▶ TO DO: State the number of lines in the records beneath that hold the word "meson", and add nothing.

▶ RECORDS FOR THIS EXERCISE:

definition asymp_decreasing :: "(real \<Rightarrow> real) \<Rightarrow> bool" where
  "asymp_decreasing \<phi> \<longleftrightarrow> (\<forall>e>0. \<exists>T. \<forall>t\<ge>T. \<forall>s\<ge>t. \<phi> s < \<phi> t + e)"

lemma asymp_decreasing_tail_Sup:
  assumes "asymp_decreasing \<phi>"
  shows "ult_decreasing (\<lambda>t. Sup (\<phi> ` {t..}))"
    and "((\<lambda>t. Sup (\<phi> ` {t..}) - \<phi> t) \<longlongrightarrow> 0) at_top"
proof -
  obtain T1 where T1: "\<And>t s. T1 \<le> t \<Longrightarrow> t \<le> s \<Longrightarrow> \<phi> s < \<phi> t + 1"
    using assms unfolding asymp_decreasing_def by (meson zero_less_one)
  have bdd: "bdd_above (\<phi> ` {t..})" if "T1 \<le> t" for t
    using T1[OF that] by (intro bdd_aboveI2[of _ _ "\<phi> t + 1"]) (auto intro: less_imp_le)
  have upper: "\<phi> t \<le> Sup (\<phi> ` {t..})" if "T1 \<le> t" for t
    using bdd[OF that] by (intro cSup_upper) auto
  show "ult_decreasing (\<lambda>t. Sup (\<phi> ` {t..}))"
    unfolding ult_decreasing_def using bdd by (intro exI[of _ T1] allI impI cSup_subset_mono) auto
  show "((\<lambda>t. Sup (\<phi> ` {t..}) - \<phi> t) \<longlongrightarrow> 0) at_top"
  proof (rule tendstoI)
    fix e :: real
    assume "e > 0"
    then obtain T where T: "\<And>t s. T \<le> t \<Longrightarrow> t \<le> s \<Longrightarrow> \<phi> s < \<phi> t + e / 2"
      using assms unfolding asymp_decreasing_def by (meson half_gt_zero)
    have "Sup (\<phi> ` {t..}) \<le> \<phi> t + e / 2" if "T \<le> t" for t
      using T[OF that] by (intro cSup_least) (auto intro: less_imp_le)
    then show "eventually (\<lambda>t. dist (Sup (\<phi> ` {t..}) - \<phi> t) 0 < e) at_top"
      unfolding eventually_at_top_linorder dist_real_def
      using upper \<open>e > 0\<close> by (intro exI[of _ "max T T1"]) force
  qed
qed

lemma step_overshoot:
  fixes d :: "real \<Rightarrow> real"
  assumes m: "m > 0" and step_ge: "\<And>c. c \<in> {T..s} \<Longrightarrow> m \<le> d c"
    and invariant: "\<And>c. c \<in> {T..s} \<Longrightarrow> P c \<Longrightarrow> P (c + d c)"
    and "T \<le> t" "t \<le> s" "P t"
  shows "\<exists>c\<in>{t..s}. P c \<and> s < c + d c"
proof -
  have "\<exists>c\<in>{t..s}. P c \<and> s < c + d c"
    if "T \<le> t" "t \<le> s" "P t" "s - t < real k * m" for k t
    using that
  proof (induction k arbitrary: t)
    case 0
    then show ?case by simp
  next
    case (Suc k)
    show ?case
    proof (cases "s < t + d t")
      case True
      with Suc.prems show ?thesis by auto
    next
      case False
      with Suc.prems step_ge[of t] invariant[of t] m
      have "T \<le> t + d t" "t + d t \<le> s" "P (t + d t)" "s - (t + d t) < real k * m"
        by (auto simp: algebra_simps)
      with Suc.IH obtain c where "c \<in> {t + d t..s}" "P c" "s < c + d c"
        by blast
      with Suc.prems step_ge[of t] m show ?thesis
        by auto
    qed
  qed
  moreover obtain k where "s - t < real k * m"
    using reals_Archimedean3[OF m] by blast
  ultimately show ?thesis
    using assms by blast
qed

lemma tail_equivalent_exp:
  assumes "eventually (\<lambda>t. f t > 0) at_top" and "((\<lambda>t. \<psi> t - ln (f t)) \<longlongrightarrow> 0) at_top"
  shows "tail_equivalent f (\<lambda>t. exp (\<psi> t))"
proof -
  have "((\<lambda>t. exp (- (\<psi> t - ln (f t)))) \<longlongrightarrow> exp (- 0)) at_top"
    by (intro tendsto_intros assms(2))
  moreover have "eventually (\<lambda>t. exp (- (\<psi> t - ln (f t))) = f t / exp (\<psi> t)) at_top"
    using assms(1) by eventually_elim (simp add: exp_diff)
  ultimately show ?thesis
    unfolding tail_equivalent_def using Lim_transform_eventually by fastforce
qed

lemma ult_monotone_bounded_below:
  assumes pos: "\<And>t. g t > 0" and mono: "ult_decreasing g \<or> ult_increasing g"
  shows "\<exists>T. \<forall>s. \<exists>m>0. \<forall>c\<in>{T..s}. m \<le> g c"
  using mono
proof
  assume "ult_decreasing g"
  then obtain T where "\<And>s t. T \<le> s \<Longrightarrow> s \<le> t \<Longrightarrow> g t \<le> g s"
    unfolding ult_decreasing_def by blast
  then have "\<forall>c\<in>{T..s}. g s \<le> g c" for s
    by auto
  then show ?thesis
    using pos by blast
next
  assume "ult_increasing g"
  then obtain T where "\<And>s t. T \<le> s \<Longrightarrow> s \<le> t \<Longrightarrow> g s \<le> g t"
    unfolding ult_increasing_def by blast
  then have "\<forall>c\<in>{T..s}. g T \<le> g c" for s
    by auto
  then show ?thesis
    using pos by blast
qed

lemma exists_decreasing_tail_equivalent:
  assumes "eventually (\<lambda>t. f t > 0) at_top" and "asymp_decreasing (\<lambda>t. ln (f t))"
  shows "\<exists>h. tail_equivalent f h \<and> ult_decreasing h"
proof -
  define \<psi> where "\<psi> t = Sup ((\<lambda>t. ln (f t)) ` {t..})" for t
  have "ult_decreasing \<psi>" and "((\<lambda>t. \<psi> t - ln (f t)) \<longlongrightarrow> 0) at_top"
    unfolding \<psi>_def using asymp_decreasing_tail_Sup[OF assms(2)] by auto
  then show ?thesis
    using tail_equivalent_exp[OF assms(1)]
    by (intro exI[of _ "\<lambda>t. exp (\<psi> t)"]) (auto simp: ult_decreasing_def)
qed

▶ REPLY: 2